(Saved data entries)
↓↓↓

(* Let $n\ge 1$ and let $G$ be a bipartite multigraph consisting of $n$ matchings $M_1,\dots,M_n$ (not necessarily edge-disjoint), each with at least $2n$ edges. Then $G$ contains a rainbow matching with $n$ edges.
   Context: Each matching $M_i$ is a colour class (colour $i$); if the same pair of vertices is an edge of several $M_i$, these are treated as distinct parallel edges of different colours. A matching is rainbow if it contains at most one edge of each colour. *)

theory Defs
  imports Main
begin

definition is_matching :: "('a \<times> 'b) set \<Rightarrow> bool" where
  "is_matching M \<longleftrightarrow>
     (\<forall>e\<in>M. \<forall>e'\<in>M. e \<noteq> e' \<longrightarrow> fst e \<noteq> fst e' \<and> snd e \<noteq> snd e')"

text \<open>A coloured edge is a pair (i, e) with colour i and e in the colour class M i
(parallel edges of different colours are thus distinct).\<close>

definition is_rainbow_matching ::
  "(nat \<Rightarrow> ('a \<times> 'b) set) \<Rightarrow> nat set \<Rightarrow> (nat \<times> ('a \<times> 'b)) set \<Rightarrow> bool" where
  "is_rainbow_matching M I R \<longleftrightarrow>
     (\<forall>(i, e)\<in>R. i \<in> I \<and> e \<in> M i) \<and>
     (\<forall>c\<in>R. \<forall>c'\<in>R. c \<noteq> c' \<longrightarrow>
        fst c \<noteq> fst c' \<and> fst (snd c) \<noteq> fst (snd c') \<and> snd (snd c) \<noteq> snd (snd c'))"

end

theory Submission
  imports Defs
begin

text \<open>Suppose colours in a set \<open>I\<close> of size \<open>k\<close> are already matched
by a rainbow matching \<open>R\<close>, and \<open>i\<close> is a new colour. The \<open>k\<close> left endpoints of \<open>R\<close> block at
most \<open>k\<close> edges of the matching \<open>M i\<close>, and likewise the \<open>k\<close> right endpoints, so if
\<open>M i\<close> has more than \<open>2k\<close> edges one of them is disjoint from \<open>R\<close> and extends it.
Since every class has at least \<open>2n\<close> edges, this never gets stuck before all \<open>n\<close>
colours are used.\<close>

lemma is_matching_inj_on_fst: "is_matching M \<Longrightarrow> inj_on fst M"
  unfolding is_matching_def inj_on_def by blast

lemma is_matching_inj_on_snd: "is_matching M \<Longrightarrow> inj_on snd M"
  unfolding is_matching_def inj_on_def by blast

lemma matching_has_edge_avoiding:
  assumes M: "is_matching M" and A: "finite A" and C: "finite C"
    and big: "infinite M \<or> card A + card C < card M"
  shows "\<exists>e\<in>M. fst e \<notin> A \<and> snd e \<notin> C"
proof (rule ccontr)
  define blocked where "blocked = (fst -` A \<inter> M) \<union> (snd -` C \<inter> M)"
  assume "\<not> ?thesis"
  then have M_blocked: "M \<subseteq> blocked"
    unfolding blocked_def by blast
  have fin: "finite blocked"
    unfolding blocked_def
    using finite_vimage_IntI[OF A is_matching_inj_on_fst[OF M]]
      finite_vimage_IntI[OF C is_matching_inj_on_snd[OF M]] by blast
  have "card blocked \<le> card (fst -` A \<inter> M) + card (snd -` C \<inter> M)"
    unfolding blocked_def by (rule card_Un_le)
  also have "\<dots> \<le> card A + card C"
    using card_vimage_inj_on_le[OF is_matching_inj_on_fst[OF M] A]
      card_vimage_inj_on_le[OF is_matching_inj_on_snd[OF M] C] by (rule add_mono)
  finally have "card blocked \<le> card A + card C" .
  moreover have "finite M" "card M \<le> card blocked"
    using card_mono[OF fin M_blocked] finite_subset[OF M_blocked fin] by auto
  ultimately show False
    using big by linarith
qed

lemma rainbow_matching_insert:
  assumes R: "is_rainbow_matching M I R"
    and i: "i \<notin> I" and e: "e \<in> M i"
    and left: "fst e \<notin> fst ` snd ` R" and right: "snd e \<notin> snd ` snd ` R"
  shows "is_rainbow_matching M (insert i I) (insert (i, e) R)"
proof -
  have fresh: "fst c \<noteq> i \<and> fst (snd c) \<noteq> fst e \<and> snd (snd c) \<noteq> snd e" if c: "c \<in> R" for c
  proof -
    have "fst c \<in> I"
      using R c unfolding is_rainbow_matching_def by auto
    moreover have "fst (snd c) \<in> fst ` snd ` R" "snd (snd c) \<in> snd ` snd ` R"
      using c by blast+
    ultimately show ?thesis
      using i left right by metis
  qed
  have "\<forall>(j, f)\<in>insert (i, e) R. j \<in> insert i I \<and> f \<in> M j"
    using R e unfolding is_rainbow_matching_def by auto
  moreover have "\<forall>c\<in>insert (i, e) R. \<forall>c'\<in>insert (i, e) R. c \<noteq> c' \<longrightarrow>
      fst c \<noteq> fst c' \<and> fst (snd c) \<noteq> fst (snd c') \<and> snd (snd c) \<noteq> snd (snd c')"
  proof (intro ballI impI)
    fix c c' assume c: "c \<in> insert (i, e) R" "c' \<in> insert (i, e) R" "c \<noteq> c'"
    have disjoint: "\<forall>c\<in>R. \<forall>c'\<in>R. c \<noteq> c' \<longrightarrow>
        fst c \<noteq> fst c' \<and> fst (snd c) \<noteq> fst (snd c') \<and> snd (snd c) \<noteq> snd (snd c')"
      using R unfolding is_rainbow_matching_def by (rule conjunct2)
    consider "c = (i, e)" "c' \<in> R" | "c \<in> R" "c' = (i, e)" | "c \<in> R" "c' \<in> R"
      using c by blast
    then show "fst c \<noteq> fst c' \<and> fst (snd c) \<noteq> fst (snd c') \<and> snd (snd c) \<noteq> snd (snd c')"
    proof cases
      case 1
      then show ?thesis using fresh[of c'] by auto
    next
      case 2
      then show ?thesis using fresh[of c] by auto
    next
      case 3
      then show ?thesis using disjoint c(3) by blast
    qed
  qed
  ultimately show ?thesis
    unfolding is_rainbow_matching_def by (rule conjI)
qed

lemma rainbow_matching_greedy:
  assumes "finite I"
    and "\<And>i. i \<in> I \<Longrightarrow> is_matching (M i)"
    and "\<And>i. i \<in> I \<Longrightarrow> infinite (M i) \<or> 2 * card I \<le> card (M i)"
  shows "\<exists>R. is_rainbow_matching M I R \<and> finite R \<and> card R = card I"
  using assms
proof (induction I rule: finite_induct)
  case empty
  show ?case
    by (intro exI[of _ "{}"]) (simp add: is_rainbow_matching_def)
next
  case (insert i I)
  have "card I \<le> card (insert i I)"
    by (rule card_insert_le)
  then have "infinite (M j) \<or> 2 * card I \<le> card (M j)" if "j \<in> I" for j
    using insert.prems(2)[of j] that by auto
  with insert.IH insert.prems(1) obtain R
    where R: "is_rainbow_matching M I R" "finite R" "card R = card I"
    by blast
  have "card (fst ` snd ` R) \<le> card I" "card (snd ` snd ` R) \<le> card I"
    using R by (metis card_image_le finite_imageI order_trans)+
  moreover have "infinite (M i) \<or> 2 * card I + 2 \<le> card (M i)"
    using insert by simp
  ultimately obtain e where e: "e \<in> M i" "fst e \<notin> fst ` snd ` R" "snd e \<notin> snd ` snd ` R"
    using matching_has_edge_avoiding[of "M i" "fst ` snd ` R" "snd ` snd ` R"] insert R(2)
    by fastforce
  have "(i, e) \<notin> R"
    using R(1) insert(2) unfolding is_rainbow_matching_def by auto
  then show ?case
    using rainbow_matching_insert[OF R(1) insert(2) e] R insert(1,2) by auto
qed

theorem mainTheorem2:
  fixes n :: nat and M :: "nat \<Rightarrow> ('a \<times> 'b) set"
  assumes "n \<ge> 1"
    and "\<And>i. i \<in> {1..n} \<Longrightarrow> is_matching (M i)"
    and "\<And>i. i \<in> {1..n} \<Longrightarrow> infinite (M i) \<or> card (M i) \<ge> 2 * n"
  shows "\<exists>R. is_rainbow_matching M {1..n} R \<and> finite R \<and> card R = n"
  using rainbow_matching_greedy[of "{1..n}" M] assms(2,3) by simp

end
lemma PiR_mult_transpose:
  assumes "d > 0" and "a \<ge> 0"
  shows "PiR_mat m d a * transpose_mat (PiR_mat m d a)
      = a \<cdot>\<^sub>m 1\<^sub>m m + (- a / real m) \<cdot>\<^sub>m circulant m (\<lambda>_. 1)"
proof (rule eq_matI)
  fix k l assume "k < dim_row (a \<cdot>\<^sub>m 1\<^sub>m m + (- a / real m) \<cdot>\<^sub>m circulant m (\<lambda>_. 1))"
    and "l < dim_col (a \<cdot>\<^sub>m 1\<^sub>m m + (- a / real m) \<cdot>\<^sub>m circulant m (\<lambda>_. 1))"
  then have k: "k < m" and l: "l < m" by simp_all
  define \<phi> where "\<phi> i j = (of_bool (k = i) - of_bool (k = j)) * (of_bool (l = i) - of_bool (l = j) :: real)"
    for i j
  have "(PiR_mat m d a * transpose_mat (PiR_mat m d a)) $$ (k, l)
      = (\<Sum>p<length (pairs_list m). a / real m * \<phi> (fst (pairs_list m ! p)) (snd (pairs_list m ! p)))"
  proof -
    have "(PiR_mat m d a * transpose_mat (PiR_mat m d a)) $$ (k, l)
        = (\<Sum>p<m choose 2. PiR_mat m d a $$ (k, p) * PiR_mat m d a $$ (l, p))"
      using k l by (simp add: scalar_prod_def lessThan_atLeast0 PiR_mat_def)
    moreover have "sqrt (a / real m) * (sqrt (a / real m) * y) = a / real m * y" for y
      using assms by (simp flip: mult.assoc)
    ultimately show ?thesis
      using k l assms by (simp add: length_pairs_list PiR_mat_index \<phi>_def mult_ac)
  qed
  also have "\<dots> = (\<Sum>i<m. \<Sum>j\<in>{i<..<m}. a / real m * \<phi> i j)"
    using sum_pairs_list[of "\<lambda>q. a / real m * \<phi> (fst q) (snd q)" m] by simp
  also have "\<dots> = a / real m * (\<Sum>i<m. \<Sum>j\<in>{i<..<m}. \<phi> i j)"
    by (simp add: sum_distrib_left)
  also have "\<dots> = a / real m * ((\<Sum>i<m. \<Sum>j<m. \<phi> i j) / 2)"
    by (subst sum_upper_pairs_symmetric) (auto simp: \<phi>_def)
  also have "\<dots> = a / real m * (real m * of_bool (k = l) - 1)"
    unfolding \<phi>_def sum_pair_differences using k l by (simp add: field_simps)
  also have "\<dots> = (a \<cdot>\<^sub>m 1\<^sub>m m + (- a / real m) \<cdot>\<^sub>m circulant m (\<lambda>_. 1)) $$ (k, l)"
    using k l by (simp add: algebra_simps)
  finally show "(PiR_mat m d a * transpose_mat (PiR_mat m d a)) $$ (k, l)
      = (a \<cdot>\<^sub>m 1\<^sub>m m + (- a / real m) \<cdot>\<^sub>m circulant m (\<lambda>_. 1)) $$ (k, l)" .
qed (simp_all add: PiR_mat_def)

↑↑↑

_Description of the task:_ Output, from the data above, the lines from the line with "with insert.IH insert.prems(1) obtain R" to the line with "ultimately obtain e" exactly as they stand, both ends included and nothing else.

_Completed exercise:_
  with insert.IH insert.prems(1) obtain R
    where R: "is_rainbow_matching M I R" "finite R" "card R = card I"
    by blast
  have "card (fst ` snd ` R) \<le> card I" "card (snd ` snd ` R) \<le> card I"
    using R by (metis card_image_le finite_imageI order_trans)+
  moreover have "infinite (M i) \<or> 2 * card I + 2 \<le> card (M i)"
    using insert by simp
  ultimately obtain e where e: "e \<in> M i" "fst e \<notin> fst ` snd ` R" "snd e \<notin> snd ` snd ` R"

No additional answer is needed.